Announcing an updated BFS patch for linux 3.7, version 0.427
Full patch:
http://ck.kolivas.org/patches/bfs/3.0/3.7/3.7-sched-bfs-427.patch
Incremental patch from bfs 426 (applies to 3.7.x-ck1 as well):
http://ck.kolivas.org/patches/bfs/3.0/3.7/3.7-bfs426-427.patch
The full set of incremental patches, along with a description within each patch is here:
http://ck.kolivas.org/patches/bfs/3.0/3.7/incremental/
A number of minor issues have been reported with BFS over time (interestingly none of them appear to be new). Some of them were cosmetic, like the reported suspicious rcu warning on startup, and the accounting for close to 100% bound cpu tasks flicking between 99 and 101%.
The most interesting actual bug was that clock_nanosleep, and timer_create would not work when used with the clock id of CLOCK_PROCESS_CPUTIME_ID. This is a timer which goes off based on the total CPU used by a process or its thread group, which I have never used myself nor was aware of its intricacies. This bug was only picked up as part of building and glibc testing by Olivier Langlois. This was an interesting bug for a number of reasons to me. First was that it had never manifested as far as I'm aware anywhere in the wild despite being a posix 2001 function, so presumably it is almost never used. Second is it's one of the few functions that tries to get accounting as a total of all the CPU used by a thread group rather than just per thread.
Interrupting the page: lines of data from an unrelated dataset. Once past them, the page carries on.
(* Let $l>0$. For each $d\ge1$ let $Z_1,Z_2\sim\mathcal{N}(0,1)$ and $Z_x\sim\mathcal{N}_d(0,I_d)$ be random variables on a common probability space, not necessarily independent. Then, uniformly over all $\alpha\in[0,\infty)$, $$\lim_{d\to\infty}\Big(\mathbb{E}\big[Z_2\,\{1\wedge\exp(-l\alpha Z_1-l^2\lVert Z_x\rVert^2/(2d))\}\big]-\mathbb{E}\big[Z_2\,\{1\wedge\exp(-l\alpha Z_1-l^2/2)\}\big]\Big)=0.$$ *)

theory Defs
  imports "HOL-Probability.Probability"
begin

definition std_normal_measure :: "real measure" where
  "std_normal_measure = density lborel (\<lambda>x. ennreal (std_normal_density x))"

text \<open>The d-dimensional standard normal N_d(0, I_d), as a measure on functions
  {..<d} -> real (extensional), i.e. the product of d copies of N(0,1).\<close>
definition std_normal_vec_measure :: "nat \<Rightarrow> (nat \<Rightarrow> real) measure" where
  "std_normal_vec_measure d = PiM {..<d} (\<lambda>_. std_normal_measure)"

end

theory Submission
  imports Defs
begin

text \<open>The map \<open>t \<mapsto> min 1 (exp t)\<close> is 1-Lipschitz, so the two integrands differ by at most
  \<open>\<bar>Z\<^sub>2\<bar> \<cdot> (l\<^sup>2/2) \<cdot> \<bar>Y\<bar>\<close> with \<open>Y = \<parallel>Z\<^sub>x\<parallel>\<^sup>2/d - 1\<close>, whatever \<open>\<alpha>\<close> and \<open>Z\<^sub>1\<close> are.
  Young's inequality \<open>u v \<le> (\<delta> u\<^sup>2 + v\<^sup>2/\<delta>)/2\<close> bounds this by second moments only:
  \<open>E Z\<^sub>2\<^sup>2 = 1\<close>, and \<open>E Y\<^sup>2 = 2/d\<close> is the variance of a chi-square variable with \<open>d\<close> degrees
  of freedom divided by \<open>d\<^sup>2\<close>. Hence the difference of expectations is at most
  \<open>\<delta>/2 + l\<^sup>4/(4 \<delta> d)\<close> for every \<open>\<delta> > 0\<close>, uniformly in \<open>\<alpha>\<close> and in the joint law of the variables.\<close>

lemma sets_std_normal_measure [measurable_cong, simp]: "sets std_normal_measure = sets borel"
  unfolding std_normal_measure_def by simp

lemma prob_space_std_normal_measure: "prob_space std_normal_measure"
  unfolding std_normal_measure_def using prob_space_normal_density by simp

lemma integrable_std_normal_measure_power: "integrable std_normal_measure (\<lambda>x. x ^ k)"
  unfolding std_normal_measure_def using integrable_std_normal_moment[of k]
  by (subst integrable_density) simp_all

lemma integral_std_normal_measure_power:
  "integral\<^sup>L std_normal_measure (\<lambda>x. x ^ k) = integral\<^sup>L lborel (\<lambda>x. std_normal_density x * x ^ k)"
  unfolding std_normal_measure_def by (simp add: integral_density)

lemma integral_std_normal_square: "integral\<^sup>L std_normal_measure (\<lambda>x. x\<^sup>2) = 1"
  using integral_std_normal_moment_even[of 1] by (simp add: integral_std_normal_measure_power)

lemma
  shows integrable_std_normal_square_minus_one:
      "integrable std_normal_measure (\<lambda>x. x\<^sup>2 - 1)"
    and integrable_std_normal_square_minus_one_squared:
      "integrable std_normal_measure (\<lambda>x. (x\<^sup>2 - 1)\<^sup>2)"
    and integral_std_normal_square_minus_one:
      "integral\<^sup>L std_normal_measure (\<lambda>x. x\<^sup>2 - 1) = 0"
    and integral_std_normal_square_minus_one_squared:
      "integral\<^sup>L std_normal_measure (\<lambda>x. (x\<^sup>2 - 1)\<^sup>2) = 2"
proof -
  interpret prob_space std_normal_measure by (rule prob_space_std_normal_measure)
  have moment4: "integral\<^sup>L std_normal_measure (\<lambda>x. x ^ 4) = 3"
    using integral_std_normal_moment_even[of 2]
    by (simp add: integral_std_normal_measure_power fact_numeral)
  have expand: "(x\<^sup>2 - 1)\<^sup>2 = x ^ 4 - 2 * x\<^sup>2 + 1" for x :: real
    by (simp add: power2_eq_square power4_eq_xxxx algebra_simps)
  show "integrable std_normal_measure (\<lambda>x. x\<^sup>2 - 1)"
    and "integrable std_normal_measure (\<lambda>x. (x\<^sup>2 - 1)\<^sup>2)"
    unfolding expand using integrable_std_normal_measure_power by simp_all
  show "integral\<^sup>L std_normal_measure (\<lambda>x. x\<^sup>2 - 1) = 0"
    using integral_std_normal_square integrable_std_normal_measure_power by (simp add: prob_space)
  show "integral\<^sup>L std_normal_measure (\<lambda>x. (x\<^sup>2 - 1)\<^sup>2) = 2"
    unfolding expand using integral_std_normal_square moment4 integrable_std_normal_measure_power
    by (simp add: prob_space)
qed

text \<open>The square of the sum is expanded into products \<open>g (x i) * g (x j)\<close>, each written as a
  product over all coordinates so that Fubini for product measures applies; the mixed terms
  vanish because \<open>g\<close> is centred.\<close>

lemma (in prob_space) product_integral_sum_centered_squared:
  fixes g :: "'a \<Rightarrow> real"
  assumes "finite I" and g: "integrable M g" "integrable M (\<lambda>x. (g x)\<^sup>2)" "integral\<^sup>L M g = 0"
  shows "integrable (PiM I (\<lambda>_. M)) (\<lambda>x. (\<Sum>i\<in>I. g (x i))\<^sup>2)"
    and "integral\<^sup>L (PiM I (\<lambda>_. M)) (\<lambda>x. (\<Sum>i\<in>I. g (x i))\<^sup>2) = card I * integral\<^sup>L M (\<lambda>x. (g x)\<^sup>2)"
proof -
  interpret product_sigma_finite "\<lambda>_. M"
    by (simp add: product_sigma_finite_def prob_space_axioms prob_space_imp_sigma_finite)
  define f where "f i j k = (\<lambda>t. (if k = i then g t else 1) * (if k = j then g t else 1))"
    for i j k :: 'b
  have f_prod: "(\<Prod>k\<in>I. f i j k (x k)) = g (x i) * g (x j)" if "i \<in> I" "j \<in> I" for i j x
    using that \<open>finite I\<close> unfolding f_def prod.distrib by (simp add: prod.delta)
  have square: "(\<Sum>i\<in>I. g (x i))\<^sup>2 = (\<Sum>i\<in>I. \<Sum>j\<in>I. \<Prod>k\<in>I. f i j k (x k))" for x
    by (simp add: power2_eq_square sum_product f_prod)
  have f_integrable: "integrable M (f i j k)" for i j k
    using g by (cases "k = i"; cases "k = j") (simp_all add: f_def power2_eq_square)
  have f_integral: "integral\<^sup>L M (f i j k) = (if k = i \<and> k = j then integral\<^sup>L M (\<lambda>x. (g x)\<^sup>2)
      else if k = i \<or> k = j then 0 else 1)" for i j k
    using g by (cases "k = i"; cases "k = j") (simp_all add: f_def power2_eq_square prob_space)
  have term_integrable: "integrable (PiM I (\<lambda>_. M)) (\<lambda>x. \<Prod>k\<in>I. f i j k (x k))" for i j
    using \<open>finite I\<close> f_integrable by (rule product_integrable_prod)
  have term_integral: "integral\<^sup>L (PiM I (\<lambda>_. M)) (\<lambda>x. \<Prod>k\<in>I. f i j k (x k))
      = (if i = j then integral\<^sup>L M (\<lambda>x. (g x)\<^sup>2) else 0)" if "i \<in> I" "j \<in> I" for i j
  proof -
    have "integral\<^sup>L (PiM I (\<lambda>_. M)) (\<lambda>x. \<Prod>k\<in>I. f i j k (x k)) = (\<Prod>k\<in>I. integral\<^sup>L M (f i j k))"
      using \<open>finite I\<close> f_integrable by (rule product_integral_prod)
    also have "\<dots> = (if i = j then integral\<^sup>L M (\<lambda>x. (g x)\<^sup>2) else 0)"
    proof (cases "i = j")
      case True
      then have "integral\<^sup>L M (f i j k) = (if k = i then integral\<^sup>L M (\<lambda>x. (g x)\<^sup>2) else 1)" for k
        by (simp add: f_integral)
      then show ?thesis using True that \<open>finite I\<close> by (simp add: prod.delta)
    next
      case False
      then have "integral\<^sup>L M (f i j i) = 0" by (simp add: f_integral)
      then show ?thesis using False that \<open>finite I\<close> by (auto intro: prod_zero)
    qed
    finally show ?thesis .
  qed
  show "integrable (PiM I (\<lambda>_. M)) (\<lambda>x. (\<Sum>i\<in>I. g (x i))\<^sup>2)"
    unfolding square using term_integrable by auto
  show "integral\<^sup>L (PiM I (\<lambda>_. M)) (\<lambda>x. (\<Sum>i\<in>I. g (x i))\<^sup>2) = card I * integral\<^sup>L M (\<lambda>x. (g x)\<^sup>2)"
    unfolding square using term_integrable term_integral \<open>finite I\<close>
    by (simp add: Bochner_Integration.integral_sum sum.delta)
qed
Third is that you cannot really use clock_nanosleep with this clock id unless it is done from a separate thread to the one consuming CPU (since it puts the calling thread to sleep) so there would be precious few scenarios it would be in use currently, though coding multithreaded apps that use it for resource monitoring and control would make complete sense. Finally the most interesting part was I can now tell that it had been in BFS since its first release and no one had ever noticed as far as I'm aware.
Unfortunately it took me quite a while to find since I had to dig deep into figuring out how the whole system of timers works on a low level in the kernel before finally stumbling across one tiny piece of accounting/reporting that was missing on BFS. It's funny that a bug that directly affected almost no one should be so hard to track down. In the meantime it allowed me to tweak a number of bits of internal accounting so hopefully that should have improved as well.
Please enjoy.
お楽しみください
Thanks for your devotion and vigilance, CK. I will of course run a head-to-head comparison of 0.426 to 0.427 with the usual 'make' benchmark for you and post the results shortly.
ReplyDeleteThanks so much for this new update!
ReplyDeleteReally love your kernel mods. Thank you for your hard work, Con.
ReplyDeleteNo differences between v0.426 and v0.427. I can post the data if anyone is interested.
ReplyDeletePeople complain about glibc inability to be compiled under -ck kernels: https://bbs.archlinux.org/viewtopic.php?id=154594
ReplyDeleteAny idea?
That is precisely the bug fixed in this release.
DeleteThis is the patch that fixes it:
bfs426-fix_cpu_posix_timers.patch
It should apply to older BFS as well.
Understood, thanks.
Delete@graysky: Could you please also benchmark the latest BFQ released today, which includes the new Early Queue Merge feature? Thanks
ReplyDeleteNo idea what you're talking about.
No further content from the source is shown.